Tuttavia, allorquando il garante rivesta, come nel caso in esame, la qualità di consumatore, è necessario il rispetto dei requisiti sostanziali, e non solo formali, costituiti dalla prova, a carico del professionista, che la clausola unilateralmente predisposta sia stata oggetto di specifica trattativa individuale (art. 34, comma 5, D.Lgs. 6.9.2005, n. 206), non essendo sufficiente la mera specifica approvazione per iscritto prevista in via generale dal secondo comma dell’art. 1341 cod. civ..
Invero, apparirebbe banalmente riduttivo omologare le due discipline in una sorta di interpretazione “al ribasso”, ritenendo sufficiente, anche nell’ipotesi di consumatore, la mera sottoscrizione specifica della clausola, perché allora non si comprenderebbe perché mai il legislatore abbia, invece, ritenuto di dettare una regolamentazione specifica, anziché dar corso al mero richiamo alla norma codicistica.
La prova in oggetto (specifica trattativa) non è stata fornita da Banca S.p.A. e, dunque, la clausola non si applica, con conseguente operatività della disciplina generale prevista dall’art. 1957 cod. civ., da cui deriva la decadenza della banca dalla possibilità di agire nei confronti dei fideiussori, avendo agito nei confronti del debitore principale oltre il termine semestrale di decadenza.

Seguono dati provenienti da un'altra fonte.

(* Under the setup in the context, assume in addition that $H_j$ is nonsingular and that the block GMRES residual $F_{j-1}^{(G)}$ has rank $L$ (so $\tilde C_j$ is nonsingular). Let $Q_j^{(11)}=\mathcal U_1\mathcal C\mathcal V_1^*$ and $Q_j^{(21)}=\mathcal U_2\mathcal S\mathcal V_1^*$ be a CS decomposition of the first block column of $\Omega_j$, with $\mathcal U_1,\mathcal U_2,\mathcal V_1\in\mathbb C^{L\times L}$ unitary and $\mathcal C=\mathrm{diag}(c_1,\dots,c_L)$, $\mathcal S=\mathrm{diag}(s_1,\dots,s_L)$ real, nonnegative, with $c_i^2+s_i^2=1$. Then $$X_j^{(G)}=X_j^{(F)}\bigl(\tilde C_j^{-1}\mathcal V_1\mathcal C^2\mathcal V_1^*\tilde C_j\bigr)+X_{j-1}^{(G)}\bigl(\tilde C_j^{-1}\mathcal V_1\mathcal S^2\mathcal V_1^*\tilde C_j\bigr),$$ where the two bracketed matrices sum to $I_L$ and $\tilde C_j^{-1}\mathcal V_1\mathcal C^2\mathcal V_1^*\tilde C_j=\tilde C_j^{-1}(Q_j^{(11)})^*Q_j^{(11)}\tilde C_j$.
   Context: Let $n,L\ge1$, $A\in\mathbb C^{n\times n}$, $B,X_0\in\mathbb C^{n\times L}$, $F_0=B-AX_0$, and let $F_0=V_1S_0$ be a reduced QR factorization ($V_1\in\mathbb C^{n\times L}$ with orthonormal columns, $S_0\in\mathbb C^{L\times L}$ upper triangular). Fix $j\ge2$. The block Arnoldi process (possibly with dependent basis vectors replaced by new orthonormal vectors) yields $W_k=[V_1,\dots,V_k]\in\mathbb C^{n\times kL}$ ($k\le j+1$) with orthonormal columns, $V_i\in\mathbb C^{n\times L}$, and the block Arnoldi relation $AW_j=W_{j+1}\bar H_j$, where $\bar H_j=(H_{ik})\in\mathbb C^{(j+1)L\times jL}$ has $L\times L$ blocks $H_{ik}$, is block upper Hessenberg ($H_{ik}=0$ for $i>k+1$), and each $H_{k+1,k}$ is upper triangular. For $k\le j$, $\bar H_k$ denotes the leading $(k+1)L\times kL$ submatrix of $\bar H_j$ and $H_k$ the leading $kL\times kL$ submatrix. $E^{[m]}\in\mathbb R^{mL\times L}$ denotes the first $L$ columns of $I_{mL}$. For $k\ge1$ with $\bar H_k$ of full column rank, the block GMRES iterate is $X_k^{(G)}=X_0+W_kY_k^{(G)}$, where $Y_k^{(G)}\in\mathbb C^{kL\times L}$ is the unique minimizer of $\|\bar H_kY-E^{[k+1]}S_0\|_F$ (Frobenius norm), and $F_k^{(G)}=B-AX_k^{(G)}$. If $H_k$ is nonsingular, the block FOM iterate is $X_k^{(F)}=X_0+W_kH_k^{-1}E^{[k]}S_0$. Block QR factorization: assume $\bar H_j$ has full column rank. There are unitary matrices $\Omega_i=\begin{bmatrix}Q_i^{(11)}&Q_i^{(12)}\\Q_i^{(21)}&Q_i^{(22)}\end{bmatrix}\in\mathbb C^{2L\times 2L}$ ($i=1,\dots,j$, all four blocks $L\times L$); for $m\ge i+1$ put $Q_i^{(m)}=\mathrm{diag}(I_{(i-1)L},\Omega_i,I_{(m-i-1)L})\in\mathbb C^{mL\times mL}$ and $\bar Q_k=Q_k^{(k+1)}Q_{k-1}^{(k+1)}\cdots Q_1^{(k+1)}$. The $\Omega_i$ are chosen recursively so that $\bar Q_k\bar H_k=\begin{bmatrix}R_k\\ 0_{L\times kL}\end{bmatrix}$ with $R_k\in\mathbb C^{kL\times kL}$ upper triangular and nonsingular ($k=1,\dots,j$). In particular $Q_{j-1}^{(j+1)}\cdots Q_1^{(j+1)}\bar H_j=\begin{bmatrix}R_{j-1}&Z_j\\0&\hat H_{jj}\\0&H_{j+1,j}\end{bmatrix}$ for some $Z_j\in\mathbb C^{(j-1)L\times L}$, $\hat H_{jj}\in\mathbb C^{L\times L}$; and $\Omega_j\begin{bmatrix}\hat H_{jj}\\H_{j+1,j}\end{bmatrix}=\begin{bmatrix}N_j\\0\end{bmatrix}$ with $N_j$ upper triangular and nonsingular. Write $\bar Q_{j-1}E^{[j]}S_0=\begin{bmatrix}G_{j-1}\\\tilde C_j\end{bmatrix}$ with $G_{j-1}\in\mathbb C^{(j-1)L\times L}$, $\tilde C_j\in\mathbb C^{L\times L}$. *)

theory Defs
  imports Complex_Main "Jordan_Normal_Form.Schur_Decomposition" "Jordan_Normal_Form.DL_Rank"
begin
(* For each integer $s\ge 2$, $m(K_{1,1,1,s})=3$.
   Context: All graphs are finite, simple and undirected. A list assignment $L$ for a graph $G$ assigns to each vertex $v$ a set $L(v)$ of colors; an $L$-coloring is a proper vertex coloring $c$ of $G$ with $c(v)\in L(v)$ for every vertex $v$. A $k$-list assignment is a list assignment with $|L(v)|=k$ for all $v$. $G$ is uniquely $k$-list colorable (U$k$LC) if there exists a $k$-list assignment $L$ such that $G$ has exactly one $L$-coloring. $G$ has property $M(k)$ if it is not U$k$LC, i.e. for every $k$-list assignment $L$, $G$ has either no $L$-coloring or at least two $L$-colorings. The m-number $m(G)$ is the least integer $k\ge 1$ such that $G$ has property $M(k)$. $K_{n_1,\dots,n_r}$ denotes the complete $r$-partite graph with parts of sizes $n_1,\dots,n_r$. *)

theory Defs
  imports "HOL-Library.FuncSet"
begin

text \<open>A graph is given by a finite vertex set V and a symmetric irreflexive
adjacency relation E. Colours are natural numbers (a countably infinite colour
supply; for finite graphs this loses no generality).\<close>

definition is_L_coloring :: "'a set \<Rightarrow> ('a \<Rightarrow> 'a \<Rightarrow> bool) \<Rightarrow> ('a \<Rightarrow> nat set) \<Rightarrow> ('a \<Rightarrow> nat) \<Rightarrow> bool" where
  "is_L_coloring V E L c \<longleftrightarrow>
     (\<forall>v\<in>V. c v \<in> L v) \<and> (\<forall>u\<in>V. \<forall>v\<in>V. E u v \<longrightarrow> c u \<noteq> c v)"

definition L_colorings :: "'a set \<Rightarrow> ('a \<Rightarrow> 'a \<Rightarrow> bool) \<Rightarrow> ('a \<Rightarrow> nat set) \<Rightarrow> ('a \<Rightarrow> nat) set" where
  "L_colorings V E L = {c \<in> V \<rightarrow>\<^sub>E UNIV. is_L_coloring V E L c}"

definition is_k_list_assignment :: "'a set \<Rightarrow> nat \<Rightarrow> ('a \<Rightarrow> nat set) \<Rightarrow> bool" where
  "is_k_list_assignment V k L \<longleftrightarrow> (\<forall>v\<in>V. finite (L v) \<and> card (L v) = k)"

definition uniquely_k_list_colorable :: "'a set \<Rightarrow> ('a \<Rightarrow> 'a \<Rightarrow> bool) \<Rightarrow> nat \<Rightarrow> bool" where
  "uniquely_k_list_colorable V E k \<longleftrightarrow>
     (\<exists>L. is_k_list_assignment V k L \<and> (\<exists>!c. c \<in> L_colorings V E L))"

definition property_M :: "'a set \<Rightarrow> ('a \<Rightarrow> 'a \<Rightarrow> bool) \<Rightarrow> nat \<Rightarrow> bool" where
  "property_M V E k \<longleftrightarrow> \<not> uniquely_k_list_colorable V E k"

definition m_number :: "'a set \<Rightarrow> ('a \<Rightarrow> 'a \<Rightarrow> bool) \<Rightarrow> nat" where
  "m_number V E = (LEAST k. k \<ge> 1 \<and> property_M V E k)"

text \<open>Complete multipartite graph K_{n_1,...,n_r}: vertices (i,j) with i < r,
j < n_i; two vertices are adjacent iff they lie in different parts.\<close>
definition cmp_vertices :: "nat list \<Rightarrow> (nat \<times> nat) set" where
  "cmp_vertices ns = {(i, j). i < length ns \<and> j < ns ! i}"

definition cmp_adj :: "(nat \<times> nat) \<Rightarrow> (nat \<times> nat) \<Rightarrow> bool" where
  "cmp_adj x y \<longleftrightarrow> fst x \<noteq> fst y"

end

theory Submission
  imports Defs
begin

text \<open>Every graph is uniquely 1-list colourable, and for s \<ge> 2 an explicit 2-list
assignment of K_{1,1,1,s} has exactly one colouring. For 3-lists, suppose \<phi> were the unique
L-colouring and let S be the set of colours it uses on the triangle. Recolouring a single vertex
d of the independent part shows that L(d) - S = {\<phi>(d)}. A case analysis on the triangle
lists yields another proper triangle colouring whose colour set either equals S or contains
two colours outside S; in both cases no list L(d) is covered by it, so it extends to a
second L-colouring of the whole graph.\<close>

lemma L_coloringsI:
  assumes "c \<in> V \<rightarrow>\<^sub>E UNIV" and "\<And>v. v \<in> V \<Longrightarrow> c v \<in> L v"
    and "\<And>u v. u \<in> V \<Longrightarrow> v \<in> V \<Longrightarrow> E u v \<Longrightarrow> c u \<noteq> c v"
  shows "c \<in> L_colorings V E L"
  using assms unfolding L_colorings_def is_L_coloring_def by blast

lemma
  assumes "c \<in> L_colorings V E L"
  shows L_coloring_in_list: "v \<in> V \<Longrightarrow> c v \<in> L v"
    and L_coloring_proper: "u \<in> V \<Longrightarrow> v \<in> V \<Longrightarrow> E u v \<Longrightarrow> c u \<noteq> c v"
    and L_coloring_extensional: "c \<in> V \<rightarrow>\<^sub>E UNIV"
  using assms unfolding L_colorings_def is_L_coloring_def by blast+

lemma L_colorings_eqI:
  assumes "c \<in> L_colorings V E L" "c' \<in> L_colorings V E L" "\<And>v. v \<in> V \<Longrightarrow> c v = c' v"
  shows "c = c'"
  using L_coloring_extensional[OF assms(1)] L_coloring_extensional[OF assms(2)] assms(3)
  by (rule PiE_ext)

lemma fun_upd_in_L_colorings:
  assumes c: "c \<in> L_colorings V E L" and "symp E" and v: "v \<in> V" "x \<in> L v"
    and free: "\<And>u. u \<in> V \<Longrightarrow> E u v \<Longrightarrow> c u \<noteq> x"
  shows "c(v := x) \<in> L_colorings V E L"
proof (rule L_coloringsI)
  have "c(v := x) \<in> insert v V \<rightarrow>\<^sub>E UNIV"
    by (rule PiE_fun_upd) (simp_all add: L_coloring_extensional[OF c])
  then show "c(v := x) \<in> V \<rightarrow>\<^sub>E UNIV" by (simp add: insert_absorb[OF v(1)])
next
  fix u assume "u \<in> V"
  then show "(c(v := x)) u \<in> L u" using L_coloring_in_list[OF c] v(2) by simp
next
  fix u w assume u: "u \<in> V" and w: "w \<in> V" and uw: "E u w"
  have wu: "E w u" using \<open>symp E\<close> uw by (rule sympD)
  show "(c(v := x)) u \<noteq> (c(v := x)) w"
    using free[OF u] free[OF w] L_coloring_proper[OF c u w uw] uw wu by auto
qed

lemma unique_L_coloring_free_color:
  assumes c: "c \<in> L_colorings V E L" and unique: "\<And>c'. c' \<in> L_colorings V E L \<Longrightarrow> c' = c"
    and "symp E" "v \<in> V" "x \<in> L v" "\<And>u. u \<in> V \<Longrightarrow> E u v \<Longrightarrow> c u \<noteq> x"
  shows "x = c v"
proof -
  have "c(v := x) = c" using unique fun_upd_in_L_colorings[OF c assms(3-6)] by blast
  then show ?thesis by (metis fun_upd_same)
qed

lemma not_property_M_if_unique_L_coloring:
  assumes "is_k_list_assignment V k L" "c \<in> L_colorings V E L"
    and "\<And>c'. c' \<in> L_colorings V E L \<Longrightarrow> c' = c"
  shows "\<not> property_M V E k"
  using assms unfolding property_M_def uniquely_k_list_colorable_def by blast

lemma not_property_M_1:
  fixes f :: "'a \<Rightarrow> nat"
  assumes "\<And>u v. u \<in> V \<Longrightarrow> v \<in> V \<Longrightarrow> E u v \<Longrightarrow> f u \<noteq> f v"
  shows "\<not> property_M V E 1"
proof (rule not_property_M_if_unique_L_coloring)
  show "is_k_list_assignment V 1 (\<lambda>v. {f v})" unfolding is_k_list_assignment_def by simp
  show f: "restrict f V \<in> L_colorings V E (\<lambda>v. {f v})"
    by (rule L_coloringsI) (use assms in auto)
  show "c = restrict f V" if "c \<in> L_colorings V E (\<lambda>v. {f v})" for c
    by (rule L_colorings_eqI[OF that f]) (use L_coloring_in_list[OF that] in simp)
qed

lemma m_number_eqI:
  assumes "1 \<le> m" "property_M V E m" "\<And>k. 1 \<le> k \<Longrightarrow> k < m \<Longrightarrow> \<not> property_M V E k"
  shows "m_number V E = m"
  unfolding m_number_def
proof (rule Least_equality)
  show "1 \<le> m \<and> property_M V E m" using assms(1,2) ..
  show "m \<le> k" if "1 \<le> k \<and> property_M V E k" for k
  proof (rule ccontr)
    assume "\<not> m \<le> k"
    then show False using that assms(3)[of k] by simp
  qed
qed

lemma eq_if_no_distinct_outside:
  assumes two: "2 \<le> card (X - S)" and outside: "\<And>x y. x \<in> X - S \<Longrightarrow> y \<in> Y - S \<Longrightarrow> x = y"
    and "finite S" "card S \<le> card Y"
  shows "Y = S"
proof -
  have "Y \<subseteq> S"
  proof
    fix y assume "y \<in> Y"
    show "y \<in> S"
    proof (rule ccontr)
      assume "y \<notin> S"
      then have "X - S \<subseteq> {y}" using outside \<open>y \<in> Y\<close> by blast
      then have "card (X - S) \<le> 1" using card_mono[of "{y}"] by simp
      then show False using two by simp
    qed
  qed
  then show ?thesis using card_seteq assms(3,4) by blast
qed

lemma another_distinct_representatives_permuting:
  assumes "\<alpha> \<in> A" "\<beta> \<in> B" "\<gamma> \<in> C" "distinct [\<alpha>, \<beta>, \<gamma>]"
    and "\<beta> \<in> A \<or> \<gamma> \<in> A" "\<alpha> \<in> B \<or> \<gamma> \<in> B" "\<alpha> \<in> C \<or> \<beta> \<in> C"
  obtains p q r where "p \<in> A" "q \<in> B" "r \<in> C" "distinct [p, q, r]" "(p, q, r) \<noteq> (\<alpha>, \<beta>, \<gamma>)"
    "{p, q, r} = {\<alpha>, \<beta>, \<gamma>}"
  \<comment> \<open>Sending each of the three positions to one whose colour lies in its own list gives a
    fixed-point-free map; a 2-cycle of it is a swap, a 3-cycle a rotation of the colours.\<close>
  using that[of \<beta> \<alpha> \<gamma>] that[of \<gamma> \<beta> \<alpha>] that[of \<alpha> \<gamma> \<beta>] that[of \<beta> \<gamma> \<alpha>] that[of \<gamma> \<alpha> \<beta>] assms
  by (auto simp: insert_commute)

Il decreto ingiuntivo deve essere revocato e la domanda, proposta da Banca S.p.A. in via subordinata, rigettata.
Le altre eccezioni restano assorbite.
La soccombenza regola le spese, liquidate come da dispositivo.
- Q. M.
il Tribunale di Alessandria, definitivamente pronunziando, così dispone:
1) revoca il decreto ingiuntivo n. 13/2017;
2) rigetta la domanda proposta da Banca S.p.A.;
3) condanna Banca S.p.A. a rimborsare a X e Y le spese processuali che liquida in € 10.000,00 per onorari di avvocato, oltre spese generali, CPA ed IVA.
Così deciso in Alessandria, addì 14 agosto 2020.